Exercise directions:
Begin with the line containing "define \<beta> where" and copy each line exactly through the last line of the entries, inclusive.

[[ Provided records open ]]

lemma bwd_dest_ratio_bound:
  assumes "P1 \<noteq> P2" "0 < r" "r \<le> p \<tau>1 (d1, d) / p \<tau>1 (d2, d)" "r \<le> p \<tau>2 (d1, d) / p \<tau>2 (d2, d)"
  shows "r * bwd_edge E (p \<tau>2) (b \<tau>2) d2 d \<le> bwd_edge E (p \<tau>1) (b \<tau>1) d1 d"
proof -
  have "r * (p \<tau>2 (d2, d) / (p \<tau>2 (d2, d) + p \<tau>2 (d1, d)))
      \<le> p \<tau>1 (d1, d) / (p \<tau>1 (d1, d) + p \<tau>1 (d2, d))"
    using share_le_share_of_ratio_bounds[of "p \<tau>1 (d1, d)" "p \<tau>1 (d2, d)" "p \<tau>2 (d1, d)" "p \<tau>2 (d2, d)" r]
      assms(2-) pher_pos dest_edges by (simp add: add.commute)
  then have "bbar * (r * (p \<tau>2 (d2, d) / (p \<tau>2 (d2, d) + p \<tau>2 (d1, d))))
      \<le> bbar * (p \<tau>1 (d1, d) / (p \<tau>1 (d1, d) + p \<tau>1 (d2, d)))"
    using inputs(2) by (rule mult_left_mono[OF _ less_imp_le])
  then show ?thesis by (simp add: bwd_dest_edges[OF assms(1)] mult.left_commute)
qed

lemma source_ratio_Suc:
  assumes "length P1 - 1 \<le> t" "length P2 - 1 \<le> t"
  shows "p (Suc t) (s, s1) / p (Suc t) (s, s2) =
    (p t (s, s1) + p t (s, s1) / p t (s, s2) * fwd_edge E (p t) (f t) s s2 + (1 - path_leak l P1) *
        bwd_edge E (p (t - (length P1 - 1) + 1)) (b (t - (length P1 - 1) + 1)) d1 d) /
    (p t (s, s2) + fwd_edge E (p t) (f t) s s2 + (1 - path_leak l P2) *
        bwd_edge E (p (t - (length P2 - 1) + 1)) (b (t - (length P2 - 1) + 1)) d2 d)"
  using decay pher_pos[OF source_edges(2)] fwd_edge_ratio[where p = "p t" and u = s and w = s2 and v = s1]
    bwd_source_edge[OF paths E_def assms(1)]
    bwd_source_edge[OF two_parallel_paths_sym[OF paths] _ assms(2)] E_def
  by (simp add: pher_Suc Un_commute)

lemma source_ratio_gain:
  assumes paths_differ: "P1 \<noteq> P2" and leak_order: "path_leak l P1 < path_leak l P2"
    and t: "length P1 - 1 \<le> t" "length P2 - 1 \<le> t"
    and \<tau>: "\<tau>1 = t - (length P1 - 1) + 1" "\<tau>2 = t - (length P2 - 1) + 1"
    and r: "0 < r" "r \<le> p t (s, s1) / p t (s, s2)"
      "r \<le> p \<tau>1 (d1, d) / p \<tau>1 (d2, d)" "r \<le> p \<tau>2 (d1, d) / p \<tau>2 (d2, d)"
    and b1_def: "b1 = bwd_edge E (p \<tau>1) (b \<tau>1) d1 d"
    and b2_def: "b2 = bwd_edge E (p \<tau>2) (b \<tau>2) d2 d"
    and f2_def: "f2 = fwd_edge E (p t) (f t) s s2"
    and a_def: "a = p t (s, s1) / p t (s, s2) / r" and \<beta>_def: "\<beta> = b1 / (b2 * r)"
    and \<gamma>_def: "\<gamma> = (a * p t (s, s2) + a * f2 + (1 - path_leak l P1) * \<beta> * b2)
      / (p t (s, s2) + f2 + (1 - path_leak l P2) * b2)"
  shows "1 \<le> a" "1 \<le> \<beta>" "1 < \<gamma>" "p (Suc t) (s, s1) / p (Suc t) (s, s2) = r * \<gamma>"
proof -
  have b12: "r * b2 \<le> b1"
    unfolding b1_def b2_def using bwd_dest_ratio_bound[OF paths_differ r(1,3,4)] .
  have flows: "0 \<le> f2" "0 < b2" "0 \<le> 1 - path_leak l P2"
    unfolding f2_def b2_def using fwd_edge_flow_nonneg[OF source_edges(2)] bwd_dest_pos[OF paths_differ]
      one_minus_path_leak_nonneg[of P2 l] leak by auto
  have leaks: "1 - path_leak l P2 < 1 - path_leak l P1" using leak_order by simp
  note gain = ratio_gain_factor[OF r(1) pher_pos[OF source_edges(2)] flows leaks r(2) b12 a_def \<beta>_def \<gamma>_def]
  show "1 \<le> a" "1 \<le> \<beta>" "1 < \<gamma>" "p (Suc t) (s, s1) / p (Suc t) (s, s2) = r * \<gamma>"
    using gain source_ratio_Suc[OF t, folded \<tau> b1_def b2_def f2_def] by simp_all
qed

end

theorem mainTheorem7:
  fixes E :: "('v \<times> 'v) set" and s d :: 'v and P1 P2 :: "'v list"
    and l :: "'v \<Rightarrow> real" and \<delta> fbar bbar :: real
    and p0 :: "'v \<times> 'v \<Rightarrow> real" and f0 b0 :: "'v \<Rightarrow> real"
    and p :: "nat \<Rightarrow> 'v \<times> 'v \<Rightarrow> real" and f b :: "nat \<Rightarrow> 'v \<Rightarrow> real"
    and t :: nat
  assumes paths: "two_parallel_paths P1 P2 s d"
    and E_def: "E = path_edges P1 \<union> path_edges P2"
    and leak: "\<forall>v \<in> set P1 \<union> set P2. 0 \<le> l v \<and> l v \<le> 1"
    and decay: "0 < \<delta>" "\<delta> < 1"
    and inputs: "fbar > 0" "bbar > 0"
    and p0_pos: "\<forall>e \<in> E. p0 e > 0"
    and init_flows: "\<forall>v \<in> set P1 \<union> set P2. f0 v \<ge> 0 \<and> b0 v \<ge> 0"
    and p_def: "p = aco_pher E s d l \<delta> (\<lambda>_. fbar) (\<lambda>_. bbar) p0 f0 b0"
    and f_def: "f = aco_fwd E s d l \<delta> (\<lambda>_. fbar) (\<lambda>_. bbar) p0 f0 b0"
    and b_def: "b = aco_bwd E s d l \<delta> (\<lambda>_. fbar) (\<lambda>_. bbar) p0 f0 b0"
    and leak_order: "path_leak l P1 < path_leak l P2"
    and t_ge: "t \<ge> max (length P1 - 1) (length P2 - 1)"
  shows
   "let m = length P1 - 1; n = length P2 - 1; L = max m n;
        s1 = P1 ! 1; s2 = P2 ! 1; d1 = P1 ! (m - 1); d2 = P2 ! (n - 1);
        r_s = (\<lambda>\<tau>. p \<tau> (s, s1) / p \<tau> (s, s2));
        r_d = (\<lambda>\<tau>. p \<tau> (d1, d) / p \<tau> (d2, d));
        r_min = Min ({r_s (t - i) | i. i < L} \<union> {r_d (t - i) | i. i < L});
        a = r_s t / r_min;
        b1 = bwd_edge E (p (t - m + 1)) (b (t - m + 1)) d1 d;
        b2 = bwd_edge E (p (t - n + 1)) (b (t - n + 1)) d2 d;
        \<beta> = b1 / (b2 * r_min);
        f2 = fwd_edge E (p t) (f t) s s2;
        \<gamma> = (a * p t (s, s2) + a * f2 + (1 - path_leak l P1) * \<beta> * b2)
            / (p t (s, s2) + f2 + (1 - path_leak l P2) * b2)
    in a \<ge> 1 \<and> \<beta> \<ge> 1 \<and> \<gamma> > 1 \<and> r_s (Suc t) = r_min * \<gamma> \<and> r_s (Suc t) > r_min"
proof -
  interpret colony: fixed_flow_colony E s d P1 P2 l \<delta> fbar bbar p0 f0 b0 p f b
    using assms by unfold_locales auto
  define m where "m = length P1 - 1"
  define n where "n = length P2 - 1"
  have mn: "m - 1 = length P1 - 2" "n - 1 = length P2 - 2" "1 \<le> m" "1 \<le> n" "m \<le> t" "n \<le> t"
    using paths t_ge unfolding m_def n_def two_parallel_paths_def by auto
  define r_s where "r_s = (\<lambda>\<tau>. p \<tau> (s, P1 ! 1) / p \<tau> (s, P2 ! 1))"
  define r_d where "r_d = (\<lambda>\<tau>. p \<tau> (P1 ! (m - 1), d) / p \<tau> (P2 ! (n - 1), d))"
  define r_min where "r_min = Min ({r_s (t - i) | i. i < max m n} \<union> {r_d (t - i) | i. i < max m n})"
  have pos: "0 < r_s \<tau>" "0 < r_d \<tau>" for \<tau>
    unfolding r_s_def r_d_def mn using colony.source_edges colony.dest_edges colony.pher_pos by simp_all
  have window: "0 < max m n" "m - 1 < max m n" "n - 1 < max m n" using mn by auto
  have "t - m + 1 = t - (m - 1)" "t - n + 1 = t - (n - 1)" using mn by auto
  then have r_min: "0 < r_min" "r_min \<le> r_s t" "r_min \<le> r_d (t - m + 1)" "r_min \<le> r_d (t - n + 1)"
    using window_min_pos[OF pos window(1)] window_min_le(1)[OF window(1), of r_s t r_d]
      window_min_le(2)[OF window(2), of r_s t r_d] window_min_le(2)[OF window(3), of r_s t r_d]
    unfolding r_min_def by simp_all
  define b1 where "b1 = bwd_edge E (p (t - m + 1)) (b (t - m + 1)) (P1 ! (m - 1)) d"
  define b2 where "b2 = bwd_edge E (p (t - n + 1)) (b (t - n + 1)) (P2 ! (n - 1)) d"
  define f2 where "f2 = fwd_edge E (p t) (f t) s (P2 ! 1)"
  define a where "a = r_s t / r_min"
  define \<beta> where "\<beta> = b1 / (b2 * r_min)"
  define \<gamma> where "\<gamma> = (a * p t (s, P2 ! 1) + a * f2 + (1 - path_leak l P1) * \<beta> * b2)
    / (p t (s, P2 ! 1) + f2 + (1 - path_leak l P2) * b2)"
  have "P1 \<noteq> P2" "length P1 - 1 \<le> t" "length P2 - 1 \<le> t" using leak_order t_ge by auto
  note gain = colony.source_ratio_gain[OF this(1) leak_order this(2,3) refl refl r_min(1)
      r_min(2)[unfolded r_s_def] r_min(3,4)[unfolded r_d_def, unfolded mn(1,2), unfolded m_def n_def]
      b1_def[unfolded mn(1), unfolded m_def] b2_def[unfolded mn(2), unfolded n_def] f2_def
      a_def[unfolded r_s_def] \<beta>_def \<gamma>_def]
  have "1 \<le> a \<and> 1 \<le> \<beta> \<and> 1 < \<gamma> \<and> r_s (Suc t) = r_min * \<gamma> \<and> r_min < r_s (Suc t)"
    using gain r_min(1) unfolding r_s_def by simp
  then show ?thesis
    unfolding Let_def \<gamma>_def \<beta>_def a_def b1_def b2_def f2_def r_min_def r_s_def r_d_def m_def n_def .
qed

end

[[ Provided records closed ]]

Answer to this task:
  define \<beta> where "\<beta> = b1 / (b2 * r_min)"
  define \<gamma> where "\<gamma> = (a * p t (s, P2 ! 1) + a * f2 + (1 - path_leak l P1) * \<beta> * b2)
    / (p t (s, P2 ! 1) + f2 + (1 - path_leak l P2) * b2)"
  have "P1 \<noteq> P2" "length P1 - 1 \<le> t" "length P2 - 1 \<le> t" using leak_order t_ge by auto
  note gain = colony.source_ratio_gain[OF this(1) leak_order this(2,3) refl refl r_min(1)
      r_min(2)[unfolded r_s_def] r_min(3,4)[unfolded r_d_def, unfolded mn(1,2), unfolded m_def n_def]
      b1_def[unfolded mn(1), unfolded m_def] b2_def[unfolded mn(2), unfolded n_def] f2_def
      a_def[unfolded r_s_def] \<beta>_def \<gamma>_def]
  have "1 \<le> a \<and> 1 \<le> \<beta> \<and> 1 < \<gamma> \<and> r_s (Suc t) = r_min * \<gamma> \<and> r_min < r_s (Suc t)"
    using gain r_min(1) unfolding r_s_def by simp
  then show ?thesis
    unfolding Let_def \<gamma>_def \<beta>_def a_def b1_def b2_def f2_def r_min_def r_s_def r_d_def m_def n_def .
qed

end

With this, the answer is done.